A mudança de cultura costuma começar muito antes das malas prontas. Ela se inicia quando a família percebe que a vida vai ganhar novas paisagens, novos códigos e novas formas de “ser normal”. Mesmo quando a decisão é desejada, a mudança de cultura mexe com o coração: surgem ansiedade, insegurança, sensação de perda e um tipo de luto silencioso por tudo o que ficará para trás.
Pollock, Van Reken e Pollock (2017) explicam que transições interculturais frequentemente geram luto porque envolvem despedidas de pessoas, rotinas, lugares, referências e até da identidade que foi construída naquele contexto.
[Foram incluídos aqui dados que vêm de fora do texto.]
(* Let $f=(f_1,\dots,f_P)^\top:\mathbb{R}^N\to\mathbb{R}^P$ and $g=(g_1,\dots,g_M)^\top:\mathbb{R}^N\to\mathbb{R}^M$ satisfy: each $f_i$ is strictly convex and continuously differentiable; each $g_j$ is convex and continuously differentiable; the problem $\min\{f(x)\mid g_j(x)\le 0,\ j=1,\dots,M\}$ is bounded; and there exists $\bar x\in\mathbb{R}^N$ with $g_j(\bar x)<0$ for all $j=1,\dots,M$. Let $\mathbb{X}:=\{x\in\mathbb{R}^N\mid g_j(x)\le 0,\ j=1,\dots,M\}$ and $\mathcal{W}:=\{w\in\mathbb{R}^P_+\mid \mathbf{1}^\top w=1\}$. Let $z:\mathcal{W}\to\mathbb{R}^N$ be an arbitrary neural network, and define $x:\mathcal{W}\to\mathbb{R}^N$ by \[x(w):=(1-t^*(z(w)))\,z(w)+t^*(z(w))\,\bar x,\qquad t^*(z):=\max_{j:\ g_j(z)>0}\left\{\frac{g_j(z)}{g_j(z)-g_j(\bar x)}\right\},\] where $t^*(z):=0$ if $g_j(z)\le 0$ for all $j$. Then $x(w)\in\mathbb{X}$ for every $w\in\mathcal{W}$.
   Context: $\mathbf{1}=(1,\dots,1)^\top\in\mathbb{R}^P$. The problem is bounded if there is $y\in\mathbb{R}^P$ with $f(x)\in y+\mathbb{R}^P_+$ for all $x\in\mathbb{X}$. A neural network $\mathcal{W}\to\mathbb{R}^N$ is a map of the form $y_{\ell+1}$ where $y_0(w)=w$ and $y_l(w)=\Phi_l(\theta_{l,b}+\theta_{l,w}y_{l-1}(w))$ for $l=1,\dots,\ell+1$, with bias vectors $\theta_{l,b}$, weight matrices $\theta_{l,w}$ of compatible sizes, and activation functions $\Phi_l$. *)

theory Defs
  imports "HOL-Analysis.Analysis"
begin

definition strictly_convex_on :: "'a::real_vector set \<Rightarrow> ('a \<Rightarrow> real) \<Rightarrow> bool" where
  "strictly_convex_on S h \<longleftrightarrow> convex S \<and>
     (\<forall>x\<in>S. \<forall>y\<in>S. \<forall>u. x \<noteq> y \<and> 0 < u \<and> u < 1 \<longrightarrow>
        h (u *\<^sub>R x + (1 - u) *\<^sub>R y) < u * h x + (1 - u) * h y)"

definition cont_diff_real :: "('a::euclidean_space \<Rightarrow> real) \<Rightarrow> bool" where
  "cont_diff_real h \<longleftrightarrow> (\<exists>G. (\<forall>x. (h has_derivative (\<lambda>v. G x \<bullet> v)) (at x)) \<and> continuous_on UNIV G)"

text \<open>Neural networks. Intermediate vectors are real lists. A layer is a triple
  (bias vector, weight matrix given as list of rows, activation function).\<close>
type_synonym layer = "real list \<times> real list list \<times> (real list \<Rightarrow> real list)"

definition mat_vec :: "real list list \<Rightarrow> real list \<Rightarrow> real list" where
  "mat_vec A v = map (\<lambda>r. sum_list (map2 (*) r v)) A"

definition layer_apply :: "layer \<Rightarrow> real list \<Rightarrow> real list" where
  "layer_apply L y = (case L of (b, A, \<Phi>) \<Rightarrow> \<Phi> (map2 (+) b (mat_vec A y)))"

definition nn_apply :: "layer list \<Rightarrow> real list \<Rightarrow> real list" where
  "nn_apply Ls w = foldl (\<lambda>y L. layer_apply L y) w Ls"

text \<open>Sizes are compatible: ds!l is the dimension of y_l; layer l maps R^(ds!l) to R^(ds!(l+1)).\<close>
definition nn_wf :: "layer list \<Rightarrow> nat list \<Rightarrow> bool" where
  "nn_wf Ls ds \<longleftrightarrow> length ds = length Ls + 1 \<and>
     (\<forall>l < length Ls. case Ls ! l of (b, A, \<Phi>) \<Rightarrow>
        length b = ds ! (l+1) \<and> length A = ds ! (l+1) \<and> (\<forall>r\<in>set A. length r = ds ! l) \<and>
        (\<forall>v. length v = ds ! (l+1) \<longrightarrow> length (\<Phi> v) = ds ! (l+1)))"

text \<open>z : W \<rightarrow> R^N (with W \<subseteq> R^P) is a neural network on W. Coordinates of the finite
  index types are identified with {0..<CARD} via fixed bijections.\<close>
definition neural_network_on :: "(real^'p) set \<Rightarrow> (real^'p \<Rightarrow> real^'n) \<Rightarrow> bool" where
  "neural_network_on W z \<longleftrightarrow> (\<exists>Ls ds ep en.
     nn_wf Ls ds \<and> ds ! 0 = CARD('p) \<and> ds ! length Ls = CARD('n) \<and>
     bij_betw ep {..<CARD('p)} (UNIV :: 'p set) \<and> bij_betw en {..<CARD('n)} (UNIV :: 'n set) \<and>
     (\<forall>w\<in>W. z w = (\<chi> i. nn_apply Ls (map (\<lambda>k. w $ ep k) [0..<CARD('p)]) ! inv_into {..<CARD('n)} en i)))"

definition t_star :: "(real^'n \<Rightarrow> real^'m) \<Rightarrow> real^'n \<Rightarrow> real^'n \<Rightarrow> real" where
  "t_star g xbar z = (if \<forall>j. g z $ j \<le> 0 then 0
     else Max ((\<lambda>j. g z $ j / (g z $ j - g xbar $ j)) ` {j. g z $ j > 0}))"

end

theory Submission
  imports Defs
begin

text \<open>The step \<open>t\<^sup>*(y)\<close> is the least \<open>t \<in> [0,1]\<close> for which the convex upper bound
  \<open>(1 - t) g\<^sub>j(y) + t g\<^sub>j(x\<^sub>0)\<close> of \<open>g\<^sub>j\<close> on the segment from \<open>y\<close> to the
  strictly feasible point \<open>x\<^sub>0\<close> is nonpositive for every \<open>j\<close>: for an active constraint this
  bound vanishes exactly at \<open>g\<^sub>j(y) / (g\<^sub>j(y) - g\<^sub>j(x\<^sub>0))\<close>, and inactive constraints stay
  nonpositive for every \<open>t \<in> [0,1]\<close>. Convexity of each \<open>g\<^sub>j\<close> then makes
  \<open>(1 - t\<^sup>*) y + t\<^sup>* x\<^sub>0\<close> feasible, whatever point \<open>y\<close> the network produces.\<close>

lemma t_star_ge_ratio:
  assumes "g y $ j > 0"
  shows "g y $ j / (g y $ j - g xbar $ j) \<le> t_star g xbar y"
proof -
  have active: "\<not> (\<forall>j. g y $ j \<le> 0)" using assms by (auto simp: not_le)
  show ?thesis unfolding t_star_def if_not_P[OF active] using assms by (intro Max_ge) auto
qed

lemma t_star_attained:
  assumes "\<not> (\<forall>j. g y $ j \<le> 0)"
  obtains k where "g y $ k > 0" and "t_star g xbar y = g y $ k / (g y $ k - g xbar $ k)"
proof -
  let ?A = "(\<lambda>j. g y $ j / (g y $ j - g xbar $ j)) ` {j. g y $ j > 0}"
  have "?A \<noteq> {}" using assms by (auto simp: not_le)
  then have "Max ?A \<in> ?A" by (intro Max_in) simp_all
  then obtain k where "g y $ k > 0" and "Max ?A = g y $ k / (g y $ k - g xbar $ k)" by auto
  with that show ?thesis unfolding t_star_def if_not_P[OF assms] by blast
qed

lemma t_star_bounds:
  assumes slater: "\<And>j. g xbar $ j < 0"
  shows "0 \<le> t_star g xbar y" and "t_star g xbar y \<le> 1"
proof -
  have "0 \<le> t_star g xbar y \<and> t_star g xbar y \<le> 1"
  proof (cases "\<forall>j. g y $ j \<le> 0")
    case True
    then show ?thesis by (simp add: t_star_def)
  next
    case False
    then obtain k where pos: "g y $ k > 0"
      and t: "t_star g xbar y = g y $ k / (g y $ k - g xbar $ k)"
      by (rule t_star_attained)
    have "g y $ k - g xbar $ k > g y $ k" using slater[of k] by simp
    with pos show ?thesis by (simp add: t divide_le_eq_1)
  qed
  then show "0 \<le> t_star g xbar y" and "t_star g xbar y \<le> 1" by auto
qed

lemma t_star_interpolation_nonpos:
  assumes slater: "\<And>j. g xbar $ j < 0"
  shows "(1 - t_star g xbar y) * g y $ j + t_star g xbar y * g xbar $ j \<le> 0"
proof -
  define t where "t = t_star g xbar y"
  have t0: "0 \<le> t" and t1: "t \<le> 1" unfolding t_def using t_star_bounds[where g = g and xbar = xbar and y = y, OF slater] by auto
  show ?thesis unfolding t_def[symmetric]
  proof (cases "g y $ j > 0")
    case True
    have gap: "g y $ j - g xbar $ j > 0" using True slater[of j] by simp
    have "g y $ j / (g y $ j - g xbar $ j) \<le> t"
      unfolding t_def using True by (rule t_star_ge_ratio)
    then have "g y $ j \<le> t * (g y $ j - g xbar $ j)" using gap by (simp add: divide_le_eq)
    then show "(1 - t) * g y $ j + t * g xbar $ j \<le> 0" by (simp add: algebra_simps)
  next
    case False
    have "(1 - t) * g y $ j \<le> 0" using False t1 by (simp add: mult_nonneg_nonpos)
    moreover have "t * g xbar $ j \<le> 0" using t0 slater[of j] by (simp add: mult_nonneg_nonpos)
    ultimately show "(1 - t) * g y $ j + t * g xbar $ j \<le> 0" by simp
  qed
qed

lemma t_star_combination_feasible:
  assumes convex: "\<And>j. convex_on S (\<lambda>x. g x $ j)"
    and slater: "\<And>j. g xbar $ j < 0"
    and "y \<in> S" and "xbar \<in> S"
  shows "g ((1 - t_star g xbar y) *\<^sub>R y + t_star g xbar y *\<^sub>R xbar) $ j \<le> 0"
proof -
  let ?t = "t_star g xbar y"
  have "g ((1 - ?t) *\<^sub>R y + ?t *\<^sub>R xbar) $ j \<le> (1 - ?t) * g y $ j + ?t * g xbar $ j"
    using convex_onD[OF convex t_star_bounds[where g = g and xbar = xbar and y = y, OF slater]] assms(3,4) by simp
  also have "\<dots> \<le> 0" using slater by (rule t_star_interpolation_nonpos)
  finally show ?thesis .
qed

theorem proposition3p1:
  fixes f :: "real^'n \<Rightarrow> real^'p" and g :: "real^'n \<Rightarrow> real^'m"
    and xbar :: "real^'n" and z :: "real^'p \<Rightarrow> real^'n"
  assumes f_sc: "\<And>i. strictly_convex_on UNIV (\<lambda>x. f x $ i)"
    and f_C1: "\<And>i. cont_diff_real (\<lambda>x. f x $ i)"
    and g_cvx: "\<And>j. convex_on UNIV (\<lambda>x. g x $ j)"
    and g_C1: "\<And>j. cont_diff_real (\<lambda>x. g x $ j)"
    and bounded: "\<exists>y::real^'p. \<forall>x\<in>{x. \<forall>j. g x $ j \<le> 0}. \<forall>i. y $ i \<le> f x $ i"
    and slater: "\<And>j. g xbar $ j < 0"
    and nn: "neural_network_on {w::real^'p. (\<forall>i. 0 \<le> w $ i) \<and> (\<Sum>i\<in>UNIV. w $ i) = 1} z"
  shows "\<forall>w\<in>{w::real^'p. (\<forall>i. 0 \<le> w $ i) \<and> (\<Sum>i\<in>UNIV. w $ i) = 1}.
           (1 - t_star g xbar (z w)) *\<^sub>R z w + t_star g xbar (z w) *\<^sub>R xbar
             \<in> {x. \<forall>j. g x $ j \<le> 0}"
  using t_star_combination_feasible[OF g_cvx slater] by blast

end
Por isso, cuidar do emocional não é “luxo”: é parte essencial do preparo, tão importante quanto documentos, escola e moradia.
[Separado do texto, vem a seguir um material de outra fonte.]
(* Let $B$ be a C*-algebra and $A$ a regular subalgebra of $B$. Then: (i) for every closed two-sided ideal $J$ of $B$, $J\cap A$ is normalizer-invariant; (ii) every normalizer-invariant closed two-sided ideal of $A$ is $B$-invariant; (iii) $A$ satisfies axiom (inv) relative to $B$.
   Context: $A\subseteq B$ is a closed *-subalgebra. A normalizer of $A$ in $B$ is an element $n\in B$ with $n^*An\subseteq A$ and $nAn^*\subseteq A$. $A$ is a regular subalgebra of $B$ if the normalizers span a dense subspace of $B$ and $A$ contains an approximate unit for $B$. A subset $S\subseteq A$ is normalizer-invariant if $nSn^*\subseteq S$ for every normalizer $n$. For $S\subseteq B$, $S$ is $B$-invariant if $[SB]=[BS]$, where $[\cdot]$ is closed linear span. $A$ satisfies axiom (inv) relative to $B$ if $J\cap A$ is $B$-invariant for every closed two-sided ideal $J$ of $B$. *)

theory Defs
  imports "HOL-Analysis.Analysis"
begin

text \<open>The real structure comes from real_normed_algebra;
the complex scalar multiplication cscale extends scaleR.\<close>

class cstar_algebra = real_normed_algebra + banach +
  fixes cscale :: "complex \<Rightarrow> 'a \<Rightarrow> 'a"
    and cstar :: "'a \<Rightarrow> 'a"
  assumes cscale_of_real: "cscale (of_real r) x = scaleR r x"
    and cscale_add_right: "cscale c (x + y) = cscale c x + cscale c y"
    and cscale_add_left: "cscale (c + d) x = cscale c x + cscale d x"
    and cscale_cscale: "cscale c (cscale d x) = cscale (c * d) x"
    and cscale_one: "cscale 1 x = x"
    and norm_cscale: "norm (cscale c x) = cmod c * norm x"
    and cscale_mult_left: "cscale c x * y = cscale c (x * y)"
    and cscale_mult_right: "x * cscale c y = cscale c (x * y)"
    and cstar_cstar: "cstar (cstar x) = x"
    and cstar_add: "cstar (x + y) = cstar x + cstar y"
    and cstar_cscale: "cstar (cscale c x) = cscale (cnj c) (cstar x)"
    and cstar_mult: "cstar (x * y) = cstar y * cstar x"
    and cstar_identity: "norm (cstar x * x) = norm x ^ 2"

definition csubspace :: "'a::cstar_algebra set \<Rightarrow> bool" where
  "csubspace S \<longleftrightarrow> 0 \<in> S \<and> (\<forall>x\<in>S. \<forall>y\<in>S. x + y \<in> S) \<and> (\<forall>c. \<forall>x\<in>S. cscale c x \<in> S)"

definition clin_span :: "'a::cstar_algebra set \<Rightarrow> 'a set" where
  "clin_span S = {x. \<exists>F c. finite F \<and> F \<subseteq> S \<and> x = (\<Sum>s\<in>F. cscale (c s) s)}"

definition clspan :: "'a::cstar_algebra set \<Rightarrow> 'a set" where
  "clspan S = closure (clin_span S)"

definition setmult :: "'a::times set \<Rightarrow> 'a set \<Rightarrow> 'a set" where
  "setmult S T = {s * t | s t. s \<in> S \<and> t \<in> T}"

text \<open>Closed *-subalgebra of the C*-algebra B (= UNIV of the type).\<close>
definition closed_star_subalgebra :: "'a::cstar_algebra set \<Rightarrow> bool" where
  "closed_star_subalgebra A \<longleftrightarrow> csubspace A \<and> closed A \<and>
     (\<forall>x\<in>A. \<forall>y\<in>A. x * y \<in> A) \<and> (\<forall>x\<in>A. cstar x \<in> A)"

definition closed_ideal :: "'a::cstar_algebra set \<Rightarrow> bool" where
  "closed_ideal J \<longleftrightarrow> csubspace J \<and> closed J \<and> (\<forall>x\<in>J. \<forall>b. b * x \<in> J \<and> x * b \<in> J)"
Quando a família investe no preparo emocional, a mudança de cultura tende a ser menos ameaçadora e mais compreensível. Isso inclui validar sentimentos (“faz sentido você estar triste”), criar espaços de escuta, fortalecer vínculos e construir expectativas realistas sobre o país de destino. Preparar também significa falar sobre diferenças culturais, dificuldades prováveis e estratégias para enfrentar o novo cenário com resiliência. Uma transição saudável não é a ausência de emoções difíceis; é a presença de suporte para atravessá-las com segurança.
Movimentos emocionais que antecedem a mudança de cultura
Antes da mudança de cultura, é comum viver emoções ambivalentes. O entusiasmo pelo novo pode aparecer no mesmo dia — e até na mesma frase — em que o medo do desconhecido se manifesta. Há alegria e expectativa, mas também tristeza pelas despedidas, preocupação com o futuro e ansiedade diante do que não dá para controlar. Adler (1975) descreve esse período como um processo antecipatório de luto: a pessoa começa a se desligar emocionalmente do contexto atual, preparando o coração para “soltar” vínculos e referências.
Reconhecer esses movimentos emocionais como naturais evita dois perigos comuns: a negação (“não estou sentindo nada”) e a repressão (“não posso chorar porque preciso ser forte”). A mudança de cultura fica mais pesada quando a família tenta “pular” sentimentos legítimos. A pressa em “focar só no positivo” pode silenciar dores reais e, depois, elas voltam com mais força, muitas vezes já no novo país, quando a energia para lidar com tudo é menor.
Algumas emoções frequentes nessa fase incluem:
- Entusiasmo e curiosidade pelo novo ambiente e novas possibilidades.
- Luto antecipado por amigos, escola, igreja, família extensa, rotina e lugares queridos.
- Ansiedade e insegurança por não saber como será a adaptação e o que virá pela frente.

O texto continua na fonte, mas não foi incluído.